Received Aug 23, 2020 Revised Feb 24, 2021 Accepted Feb 26, 2021

## **Keywords:**

Vedic Based Squarer (VBS) Vedic multiplier (VM) IBK-CSLA Pipelining FPGA Squaring operation represents a vital operation in various applications involving image processing, rectangular to polar coordinate conversion, and many other applications. For its importance, a novel design for a 6-bit squarer basing on the Vedic multiplier (VM) is offered in this work. The squarer design utilizes dedicated 3-bit squarer modules, a (3\*3) VM, and an improved Brent-Kung Carry-Select Adder (IBK-CSLA) with the amended design of XOR gate to perform fast partial-products addition.

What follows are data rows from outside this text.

lemma right_end:
  "\<exists>C R. \<forall>z \<in> strip \<alpha>. R \<le> Re z \<longrightarrow>
     cmod (\<Xi> z - 0 + \<G> z) \<le> C * cmod (exp (2 * pi * \<i> / Complex \<kappa>p (- \<alpha>) * z))"
proof (rule end_estimate[where A = A0 and K = K0])
  show "\<Xi> holomorphic_on half_strip \<alpha> A0"
    by (rule holomorphic_on_subset[OF Xi_holo]) (auto simp: half_strip_def strip_def)
  show "\<G> holomorphic_on half_strip \<alpha> A0"
    by (rule holomorphic_on_subset[OF G_holo half_strip_A0_subset])
  show "continuous_on {w. - \<alpha> \<le> Im w \<and> Im w \<le> 0 \<and> A0 < Re w} \<G>"
    using closed_half_strip_A0_subset by (auto intro: continuous_on_subset[OF G_cont])
next
  fix w assume w: "w \<in> half_strip \<alpha> A0"
  then have "w \<in> strip \<alpha>" "w \<in> closure (strip \<alpha>) \<inter> {z. \<bar>Re z\<bar> > M / 2}" "A0 < Re w"
    using half_strip_A0_subset closure_subset by (auto simp: half_strip_def)
  then have "cmod (\<Xi> w - Cm1 / w) \<le> Ca / (cmod w)\<^sup>2" "cmod (\<G> w) \<le> CG * exp (- \<rho> * Re w)"
    using Xi_asym G_decay A0 by auto
  then show "cmod (\<Xi> w - 0 + \<G> w) \<le> K0 / Re w"
    unfolding K0_def using A0 \<open>A0 < Re w\<close> \<rho>
    by (auto intro!: norm_add_le_inverse complex_Re_le_cmod)
next
  fix a b :: real assume a: "A0 < a"
  show "L2_on {a..b} \<Xi>m"
    using Xi_L2m by (simp add: L2_loc_iff_L2_on)
  have "L2_on {a..b} (\<lambda>x. \<Xi>p (g (x + - \<kappa>p)))"
    using Xi_L2p by (intro L2_on_shift) (simp add: L2_loc_iff_L2_on)
  then show "L2_on {a..b} \<Xi>p"
    by (rule L2_on_cong) (use a A0 g_right in auto)
next
  show "negligible {x. A0 < x \<and> \<Xi>p x + \<G> (Complex x (- \<alpha>)) \<noteq> \<Xi>m (x - \<kappa>p) + \<G> (Complex (x - \<kappa>p) 0)}"
    by (rule right_jump_negligible)
qed (use \<alpha> A0 Xi_bv_lower Xi_bv_upper in auto)

definition reflect :: "complex \<Rightarrow> complex" where
  "reflect w = - w - \<i> * of_real \<alpha>"

lemma Re_reflect [simp]: "Re (reflect w) = - Re w"
  and Im_reflect [simp]: "Im (reflect w) = - \<alpha> - Im w"
  and reflect_reflect [simp]: "reflect (reflect w) = w"
  and reflect_Complex: "reflect (Complex x y) = Complex (- x) (- \<alpha> - y)"
  by (simp_all add: reflect_def complex_eq_iff)

lemma holomorphic_on_reflect: "reflect holomorphic_on S"
  unfolding reflect_def by (intro holomorphic_intros)

lemma reflected_jump_negligible:
  "negligible {x. A0 < x \<and> \<Xi>m (- x) + (\<G> \<circ> reflect) (Complex x (- \<alpha>))
      \<noteq> \<Xi>p (- (x - \<kappa>m)) + (\<G> \<circ> reflect) (Complex (x - \<kappa>m) 0)}"
proof -
  have "{x. A0 < x \<and> \<Xi>m (- x) + (\<G> \<circ> reflect) (Complex x (- \<alpha>))
          \<noteq> \<Xi>p (- (x - \<kappa>m)) + (\<G> \<circ> reflect) (Complex (x - \<kappa>m) 0)}
      \<subseteq> {x. (- 1) * x + 0 \<in> {x. \<Xi>p (g x) \<noteq> \<Xi>m x + (Gc x + \<G> (of_real x) - \<G> (of_real (g x) - \<i> * of_real \<alpha>))}}"
  proof safe
    fix x assume x: "A0 < x"
      and ne: "\<Xi>m (- x) + (\<G> \<circ> reflect) (Complex x (- \<alpha>)) \<noteq> \<Xi>p (- (x - \<kappa>m)) + (\<G> \<circ> reflect) (Complex (x - \<kappa>m) 0)"
      and eq: "\<Xi>p (g ((- 1) * x + 0)) = \<Xi>m ((- 1) * x + 0) + (Gc ((- 1) * x + 0)
         + \<G> (of_real ((- 1) * x + 0)) - \<G> (of_real (g ((- 1) * x + 0)) - \<i> * of_real \<alpha>))"
    have x': "(- 1) * x + 0 = - x"
      by simp
    have g: "g (- x) = \<kappa>m - x" and Gc: "Gc (- x) = 0"
      using x A0 g_left Gc_supp by auto
    have of1: "of_real (- x) = Complex (- x) 0" and of2: "of_real (\<kappa>m - x) - \<i> * of_real \<alpha> = Complex (\<kappa>m - x) (- \<alpha>)"
      by (simp_all add: complex_eq_iff)
    have "\<Xi>p (\<kappa>m - x) = \<Xi>m (- x) + (0 + \<G> (Complex (- x) 0) - \<G> (Complex (\<kappa>m - x) (- \<alpha>)))"
      using eq by (simp only: x' g Gc of1 of2)
    with ne show False
      by (simp add: reflect_Complex algebra_simps)
  qed
  moreover have "negligible {x. (- 1) * x + 0 \<in> {x. \<Xi>p (g x) \<noteq> \<Xi>m x + (Gc x + \<G> (of_real x) - \<G> (of_real (g x) - \<i> * of_real \<alpha>))}}"
    by (rule negligible_affine_preimage[OF jump_negligible]) simp
  ultimately show ?thesis
    using negligible_subset by blast
qed

lemma reflected_end:
  "\<exists>C R. \<forall>z \<in> strip \<alpha>. R \<le> Re z \<longrightarrow>
     cmod ((\<Xi> \<circ> reflect) z - C\<Xi> + (\<G> \<circ> reflect) z) \<le> C * cmod (exp (2 * pi * \<i> / Complex \<kappa>m (- \<alpha>) * z))"
proof (rule end_estimate[where A = A0 and K = K0 and \<Xi>m = "\<lambda>x. \<Xi>p (- x)" and \<Xi>p = "\<lambda>x. \<Xi>m (- x)"])
  show "(\<Xi> \<circ> reflect) holomorphic_on half_strip \<alpha> A0"
    by (rule holomorphic_on_compose_gen[OF holomorphic_on_reflect Xi_holo]) (auto simp: half_strip_def strip_def)
  show "(\<G> \<circ> reflect) holomorphic_on half_strip \<alpha> A0"
    using A0 M
    by (intro holomorphic_on_compose_gen[OF holomorphic_on_reflect G_holo]) (auto simp: half_strip_def strip_def)
  have "reflect ` {w. - \<alpha> \<le> Im w \<and> Im w \<le> 0 \<and> A0 < Re w} \<subseteq> closure (strip \<alpha>)"
    using closed_strip_subset_closure[OF \<alpha>] by auto
  then show "continuous_on {w. - \<alpha> \<le> Im w \<and> Im w \<le> 0 \<and> A0 < Re w} (\<G> \<circ> reflect)"
    by (intro continuous_on_compose holomorphic_on_imp_continuous_on[OF holomorphic_on_reflect]
        continuous_on_subset[OF G_cont])
next
  fix w assume w: "w \<in> half_strip \<alpha> A0"
  then have "reflect w \<in> strip \<alpha>" "A0 < Re w"
    by (auto simp: half_strip_def strip_def)
  moreover from this have "reflect w \<in> closure (strip \<alpha>) \<inter> {z. \<bar>Re z\<bar> > M / 2}"
    using A0 M closure_subset by auto
  moreover have "Re (reflect w) \<le> - RG" "Re (reflect w) \<le> - Ra"
    using A0 \<open>A0 < Re w\<close> by auto
  ultimately have "cmod ((\<Xi> (reflect w) - C\<Xi>) - Cm1 / reflect w) \<le> Ca / (cmod (reflect w))\<^sup>2"
      "cmod (\<G> (reflect w)) \<le> CG * cmod (exp (of_real \<rho> * reflect w))"
    using Xi_asym G_decay by blast+
  then have "cmod ((\<Xi> (reflect w) - C\<Xi>) - Cm1 / reflect w) \<le> Ca / (cmod (reflect w))\<^sup>2"
      "cmod (\<G> (reflect w)) \<le> CG * exp (- \<rho> * Re w)"
    by simp_all
  moreover have "Re w \<le> cmod (reflect w)"
    using abs_Re_le_cmod[of "reflect w"] by simp
  ultimately show "cmod ((\<Xi> \<circ> reflect) w - C\<Xi> + (\<G> \<circ> reflect) w) \<le> K0 / Re w"
    unfolding K0_def using A0 \<open>A0 < Re w\<close> \<rho> by (auto intro!: norm_add_le_inverse)
next
  fix a b :: real assume a: "A0 < a"
  have "L2_on {- b..- a} (\<lambda>x. \<Xi>p (g (x + - \<kappa>m)))"
    using Xi_L2p by (intro L2_on_shift) (simp add: L2_loc_iff_L2_on)
  then have "L2_on {a..b} (\<lambda>x. \<Xi>p (g (- x + - \<kappa>m)))"
    by (rule L2_on_reflect)
  then show "L2_on {a..b} (\<lambda>x. \<Xi>p (- x))"
    by (rule L2_on_cong) (use a A0 g_left in auto)
  show "L2_on {a..b} (\<lambda>x. \<Xi>m (- x))"
    using Xi_L2m by (intro L2_on_reflect) (simp add: L2_loc_iff_L2_on)
  have "integral {a..b} (\<lambda>x. (cmod ((\<Xi> \<circ> reflect) (Complex x (- y)) - \<Xi>p (- x)))\<^sup>2) =
        integral {- b..- a} (\<lambda>x. (cmod (\<Xi> (Complex x (- \<alpha> + y)) - \<Xi>p x))\<^sup>2)" for y
    using Henstock_Kurzweil_Integration.integral_reflect_real[where a = "- b" and b = "- a"
        and f = "\<lambda>x. (cmod (\<Xi> (Complex x (- \<alpha> + y)) - \<Xi>p x))\<^sup>2"]
    by (simp add: reflect_Complex)
  then show "((\<lambda>y. integral {a..b} (\<lambda>x. (cmod ((\<Xi> \<circ> reflect) (Complex x (- y)) - \<Xi>p (- x)))\<^sup>2))
      \<longlongrightarrow> 0) (at_right 0)"
    using Xi_bv_upper by simp
  have "integral {a..b} (\<lambda>x. (cmod ((\<Xi> \<circ> reflect) (Complex x (- \<alpha> + y)) - \<Xi>m (- x)))\<^sup>2) =
        integral {- b..- a} (\<lambda>x. (cmod (\<Xi> (Complex x (- y)) - \<Xi>m x))\<^sup>2)" for y
    using Henstock_Kurzweil_Integration.integral_reflect_real[where a = "- b" and b = "- a"
        and f = "\<lambda>x. (cmod (\<Xi> (Complex x (- y)) - \<Xi>m x))\<^sup>2"]
    by (simp add: reflect_Complex)
  then show "((\<lambda>y. integral {a..b} (\<lambda>x. (cmod ((\<Xi> \<circ> reflect) (Complex x (- \<alpha> + y)) - \<Xi>m (- x)))\<^sup>2))
      \<longlongrightarrow> 0) (at_right 0)"
    using Xi_bv_lower by simp
next
  show "negligible {x. A0 < x \<and> \<Xi>m (- x) + (\<G> \<circ> reflect) (Complex x (- \<alpha>))
      \<noteq> \<Xi>p (- (x - \<kappa>m)) + (\<G> \<circ> reflect) (Complex (x - \<kappa>m) 0)}"
    by (rule reflected_jump_negligible)
qed (use \<alpha> A0 in auto)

The 6-bit squarer circuit can readily be expanded for larger sizes such as 12-bit and 24-bit numbers which are useful for squaring the mantissa part of 32-bit floating-point numbers. The paper also offers three architectures for 24- bit squarer using pipelining concept used in various stages. All these squaring circuits are designed in VHDL and implemented by Xilinx ISE13.2 and FPGA. The synthesis results reveal that the offered 6-bit, 12- bit, and 24- bit squarer circuits introduce eminent outcomes in terms of delay and area when utilizing IBK-CSLA with amended XOR gate. Also, it is found that the three architectures of 24- bit squarer present dissimilar delay and area, and the architecture design based on 3-bit squarer modules with (3\*3) VM introduces the lowest area and delay.

> Copyright © 2021 Institute of Advanced Engineering and Science. All rights reserved.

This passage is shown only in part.